Adult: 10-20 mg 4 times daily for 1-2 days if oral therapy is temporarily impractical.
Oral Gastrointestinal tract spasm
Adult: 10-20 mg tid. Dose is individualised according to patient needs. Dosing recommendations may vary among individual products and between countries (refer to specific product guidelines). Child: 6 months to <2 years 5-10 mg 3-4 times daily. 2-12 years 10 mg tid. >12 years Same as adult dose. Dosing recommendations may vary among individual products and between countries (refer to specific product guidelines).
May be taken with or without food.
Obstructive disease of the gastrointestinal tract, reflux oesophagitis, severe ulcerative colitis, unstable CV status in acute haemorrhage, glaucoma, obstructive uropathy, myasthenia gravis, salmonella dysentery. Infants <6 months. Lactation.
Patient with coronary artery disease, heart failure, hypertension, tachyarrhythmia (e.g. thyrotoxicosis), hyperthyroidism, autonomic neuropathy, known or suspected prostatic hyperplasia, mild to moderate ulcerative colitis, altered physical or mental abilities, fever. Patients undergoing cardiac surgery. Presence of increased environmental temperature (e.g. hot weather, exercise). Renal and hepatic impairment. Children and elderly. Pregnancy.
Significant: Drowsiness, blurred vision, diarrhoea, heat prostration (in increased environmental temperature), psychosis and delirium (especially elderly and mentally ill patients). Cardiac disorders: Palpitations, tachyarrhythmia. Eye disorders: Mydriasis, cycloplegia, photophobia. Gastrointestinal disorders: Dry mouth, thirst, constipation, nausea, vomiting, abdominal pain, abdominal distension, dyspepsia. General disorders and admin site conditions: Fatigue, asthenia. Metabolism and nutrition disorders: Anorexia. Nervous system disorders: Dizziness, sedation, headache, nervousness. Psychiatric disorders: Insomnia. Renal and urinary disorders: Dysuria. Reproductive system and breast disorders: Suppressed lactation. Respiratory, thoracic and mediastinal disorders: Dyspnoea, nasal congestion, reduced bronchial secretions. Skin and subcutaneous tissue disorders: Rash, allergic dermatitis, erythema. Vascular disorders: Flushing.
This drug may cause drowsiness or blurred vision, if affected, do not drive or operate machinery.

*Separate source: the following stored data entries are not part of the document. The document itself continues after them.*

text \<open>
  With \<open>c = (X\<^sup>T X)\<^sup>-\<^sup>1 X\<^sup>T y\<close>, the residual \<open>y - X\<delta> - (I - P\<^sub>X)(Aa + Bb)\<close> splits as
  \<open>X(c - \<delta>) + (I - P\<^sub>X)(y - Aa - Bb)\<close>, a sum of two orthogonal vectors. Hence the joint
  density factors into a part free of \<open>\<delta>\<close> times \<open>exp (-\<parallel>X(\<delta> - c)\<parallel>\<^sup>2 / (2\<sigma>\<^sub>\<epsilon>\<^sup>2))\<close>: given the
  other parameters, \<open>\<delta>\<close> is Gaussian with mean \<open>c\<close> and covariance \<open>\<sigma>\<^sub>\<epsilon>\<^sup>2 (X\<^sup>T X)\<^sup>-\<^sup>1\<close>.
  Integrating out the other parameters (Fubini) gives the posterior mean \<open>c\<close> and
  covariance \<open>E[\<sigma>\<^sub>\<epsilon>\<^sup>2 | y] (X\<^sup>T X)\<^sup>-\<^sup>1\<close>. The Gaussian second moments are obtained by
  differentiating the moment generating function, computed by completing the square.
\<close>

lemma gram_matrix_inv:
  fixes X :: "real^'p::finite^'m::finite"
  assumes "rank X = CARD('p)"
  shows "(transpose X ** X) ** matrix_inv (transpose X ** X) = mat 1"
    and "matrix_inv (transpose X ** X) ** (transpose X ** X) = mat 1"
proof -
  let ?Q = "transpose X ** X"
  have injX: "inj ((*v) X)" using assms full_rank_injective by blast
  have "inj ((*v) ?Q)"
  proof (rule injI)
    fix u v assume "?Q *v u = ?Q *v v"
    then have "(u - v) \<bullet> (?Q *v (u - v)) = 0" by (simp add: matrix_vector_mult_diff_distrib)
    moreover have "(u - v) \<bullet> (?Q *v (u - v)) = (X *v (u - v)) \<bullet> (X *v (u - v))"
      by (metis dot_lmul_matrix matrix_vector_mul_assoc vector_transpose_matrix)
    ultimately have "X *v (u - v) = X *v 0" by simp
    then show "u = v" using injX by (metis injD eq_iff_diff_eq_0)
  qed
  then obtain B where "B ** ?Q = mat 1" using matrix_left_invertible_injective by blast
  then have "?Q ** B = mat 1 \<and> B ** ?Q = mat 1" using matrix_left_right_inverse by blast
  then have "?Q ** matrix_inv ?Q = mat 1 \<and> matrix_inv ?Q ** ?Q = mat 1"
    unfolding matrix_inv_def by (rule someI)
  then show "?Q ** matrix_inv ?Q = mat 1" "matrix_inv ?Q ** ?Q = mat 1" by auto
qed

lemma gram_mult_matrix_inv_gram:
  fixes X :: "real^'p::finite^'m::finite"
  assumes "rank X = CARD('p)"
  shows "(transpose X ** X) *v (matrix_inv (transpose X ** X) *v u) = u"
  by (simp add: matrix_vector_mul_assoc gram_matrix_inv(1)[OF assms])

lemma symmetric_matrix_inv_gram:
  fixes X :: "real^'p::finite^'m::finite"
  assumes "rank X = CARD('p)"
  shows "matrix_inv (transpose X ** X) $ l $ k = matrix_inv (transpose X ** X) $ k $ l"
proof -
  let ?Q = "transpose X ** X" let ?V = "matrix_inv ?Q"
  have "transpose ?Q = ?Q" by (simp add: matrix_transpose_mul)
  then have "transpose ?V ** ?Q = mat 1"
    using gram_matrix_inv(1)[OF assms] by (metis matrix_transpose_mul transpose_mat)
  then have "transpose ?V = ?V"
    by (metis matrix_mul_assoc matrix_mul_lid matrix_mul_rid gram_matrix_inv(1)[OF assms])
  then show ?thesis by (metis transpose_def vec_lambda_beta)
qed

lemma inner_matrix_vector_gram:
  fixes X :: "real^'p::finite^'m::finite"
  shows "(X *v e) \<bullet> (X *v w) = e \<bullet> ((transpose X ** X) *v w)"
proof -
  have "(X *v e) \<bullet> (X *v w) = (e v* transpose X) \<bullet> (X *v w)" by simp
  also have "\<dots> = e \<bullet> (transpose X *v (X *v w))" by (rule dot_lmul_matrix)
  finally show ?thesis by (simp add: matrix_vector_mul_assoc)
qed

lemma full_rank_norm_sq_lower_bound:
  fixes X :: "real^'p::finite^'m::finite"
  assumes "rank X = CARD('p)"
  obtains \<mu> where "\<mu> > 0" "\<And>e. \<mu> * (norm e)\<^sup>2 \<le> (norm (X *v e))\<^sup>2"
proof -
  let ?T = "matrix_inv (transpose X ** X) ** transpose X"
  obtain B where B: "B > 0" "\<And>z. norm (?T *v z) \<le> B * norm z"
    using linear_bounded_pos[of "\<lambda>z. ?T *v z"] by auto
  have "?T *v (X *v e) = e" for e
    by (simp add: matrix_vector_mul_assoc flip: matrix_mul_assoc add: gram_matrix_inv(2)[OF assms])
  then have "norm e \<le> B * norm (X *v e)" for e using B(2)[of "X *v e"] by simp
  then have "(norm e)\<^sup>2 \<le> (B * norm (X *v e))\<^sup>2" for e by (simp add: power_mono)
  then have "(1 / B\<^sup>2) * (norm e)\<^sup>2 \<le> (norm (X *v e))\<^sup>2" for e
    using B(1) by (simp add: field_simps power_mult_distrib)
  then show ?thesis using B(1) by (intro that[of "1 / B\<^sup>2"]) auto
qed

lemma matrix_vector_mult_uminus: "(A::real^'a::finite^'b::finite) *v (- e) = - (A *v e)"
  by (metis diff_0 matrix_vector_mult_diff_distrib matrix_vector_mult_0_right)

lemma matrix_vector_mult_measurable[measurable]:
  "(\<lambda>x. (A::real^'a::finite^'b::finite) *v x) \<in> borel_measurable borel"
  by (intro borel_measurable_continuous_onI linear_continuous_on matrix_vector_mul_bounded_linear)

lemma vec_nth_measurable[measurable]: "(\<lambda>x::real^'a::finite. x $ k) \<in> borel_measurable borel"
  by (intro borel_measurable_continuous_onI linear_continuous_on bounded_linear_vec_nth)

lemma lborel_integrable_translate:
  fixes g :: "'a::euclidean_space \<Rightarrow> real"
  assumes "integrable lborel g"
  shows "integrable lborel (\<lambda>x. g (t + x))"
    and "(\<integral>x. g (t + x) \<partial>lborel) = (\<integral>x. g x \<partial>lborel)"
proof -
  have gm: "g \<in> borel_measurable borel" using assms by (simp add: borel_measurable_integrable)
  have pm: "(+) t \<in> measurable lborel borel" by simp
  have "integrable (distr lborel borel ((+) t)) g" using assms by (simp add: lborel_distr_plus)
  then show "integrable lborel (\<lambda>x. g (t + x))" using integrable_distr_eq[OF pm gm] by simp
  have "(\<integral>x. g x \<partial>lborel) = (\<integral>x. g x \<partial>(distr lborel borel ((+) t)))"
    by (simp add: lborel_distr_plus)
  also have "\<dots> = (\<integral>x. g (t + x) \<partial>lborel)" by (rule integral_distr[OF pm gm])
  finally show "(\<integral>x. g (t + x) \<partial>lborel) = (\<integral>x. g x \<partial>lborel)" by simp
qed

lemma lborel_integral_odd_eq_0:
  fixes g :: "'a::euclidean_space \<Rightarrow> real"
  assumes gm: "g \<in> borel_measurable borel" and odd: "\<And>x. g (- x) = - g x"
  shows "(\<integral>x. g x \<partial>lborel) = 0"
proof -
  have pm: "uminus \<in> measurable lborel (borel::'a measure)" by simp
  have "distr lborel borel uminus = (lborel :: 'a measure)"
    using lborel_affine[of "-1::real" "0::'a"] by (simp add: density_1)
  then have "(\<integral>x. g x \<partial>lborel) = (\<integral>x. g (- x) \<partial>lborel)"
    using integral_distr[OF pm gm] by simp
  then show ?thesis using odd by simp
qed

lemma integrable_exp_neg_norm_sq:
  fixes c :: real assumes "c > 0"
  shows "integrable lborel (\<lambda>x::'a::euclidean_space. exp (- c * (norm x)\<^sup>2))"
proof (rule integrableI_nonneg)
  show "(\<lambda>x::'a. exp (- c * (norm x)\<^sup>2)) \<in> borel_measurable lborel" by measurable
  show "AE x in lborel. 0 \<le> exp (- c * (norm (x::'a))\<^sup>2)" by simp
  have "integrable lborel (\<lambda>x::real. exp (- c * x\<^sup>2))"
  proof -
    define \<sigma> where "\<sigma> = sqrt (1 / (2 * c))"
    have "exp (- c * x\<^sup>2) = sqrt (2 * pi * \<sigma>\<^sup>2) * normal_density 0 \<sigma> x" for x
      using assms by (simp add: normal_density_def \<sigma>_def field_simps)
    moreover have "integrable lborel (\<lambda>x. sqrt (2 * pi * \<sigma>\<^sup>2) * normal_density 0 \<sigma> x)"
      using assms by (intro integrable_mult_right integrable_normal_density) (simp add: \<sigma>_def)
    ultimately show ?thesis by simp
  qed
  then have fin: "(\<integral>\<^sup>+x. ennreal (exp (- c * x\<^sup>2)) \<partial>lborel) < \<infinity>"
    by (simp add: integrable_iff_bounded)
  have "exp (- c * (norm x)\<^sup>2) = (\<Prod>b\<in>Basis. exp (- c * (x \<bullet> b)\<^sup>2))" for x :: 'a
  proof -
    have "(norm x)\<^sup>2 = (\<Sum>b\<in>Basis. (x \<bullet> b)\<^sup>2)"
      by (subst power2_norm_eq_inner) (simp add: euclidean_inner[of x x] power2_eq_square)
    then show ?thesis by (simp add: sum_distrib_left exp_sum)
  qed
  then have "(\<integral>\<^sup>+x. ennreal (exp (- c * (norm (x::'a))\<^sup>2)) \<partial>lborel)
      = (\<integral>\<^sup>+x. (\<Prod>b\<in>Basis. ennreal (exp (- c * ((x::'a) \<bullet> b)\<^sup>2))) \<partial>lborel)"
    by (simp add: prod_ennreal)
  also have "\<dots> = (\<Prod>b\<in>(Basis::'a set). (\<integral>\<^sup>+x. ennreal (exp (- c * x\<^sup>2)) \<partial>lborel))"
    by (rule nn_integral_lborel_prod) auto
  also have "\<dots> < \<infinity>"
    using fin by (simp add: top.not_eq_extremum[symmetric] power_eq_top_ennreal_iff)
  finally show "(\<integral>\<^sup>+x. ennreal (exp (- c * (norm (x::'a))\<^sup>2)) \<partial>lborel) < \<infinity>" .
qed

Monitor urinary output, anticholinergic effects, and gastrointestinal symptoms.
Symptoms: Headache, dizziness, nausea, vomiting, dry mouth, difficulty swallowing, dilated pupils, blurred vision; hot, dry skin; CNS stimulation, convulsion. Management: Symptomatic treatment. May perform gastric lavage or administer emetics and activated charcoal. May administer sedatives (e.g. benzodiazepines, short-acting barbiturates) to manage overt signs of excitement. May use appropriate parenteral cholinergic agent as antidote.
Enhanced adverse effect with other anticholinergic agents (e.g. amantadine, quinidine, antihistamines, phenothiazine, benzodiazepines, MAOIs, meperidine, nitrates and nitrites, TCAs, sympathomimetic agents). May antagonize the effects of antiglaucoma agents. May diminish the therapeutic effect of gastrokinetic drugs (e.g. metoclopramide). Altered absorption with antacids.
Description: Dicycloverine, a tertiary amine antimuscarinic, relieves gastrointestinal smooth muscle spasm by blocking the action of acetylcholine at parasympathetic sites in the smooth muscle, CNS and secretory glands.
Synonym: dicyclomine. Onset: 1-2 hours. Duration: Up to 4 hours. Pharmacokinetics: Absorption: Rapid and well absorbed. Bioavailability: IM: Approx 2 times more bioavailable than oral administration. Time to peak plasma concentration: 60-90 minutes (oral). Distribution: Enters breast milk. Volume of distribution: 3.65 L/kg. Metabolism: Extensively metabolised. Excretion: Mainly via urine (80%, small amounts as unchanged drug); faeces (8%). Elimination half-life: Approx 1.8 hours (initial phase).
Store between 20-30°C. Cap/tab/oral solution: Protect from direct sunlight and excessive heat. Inj: Protect from freezing. Storage recommendations may vary among individual products (refer to specific product guidelines).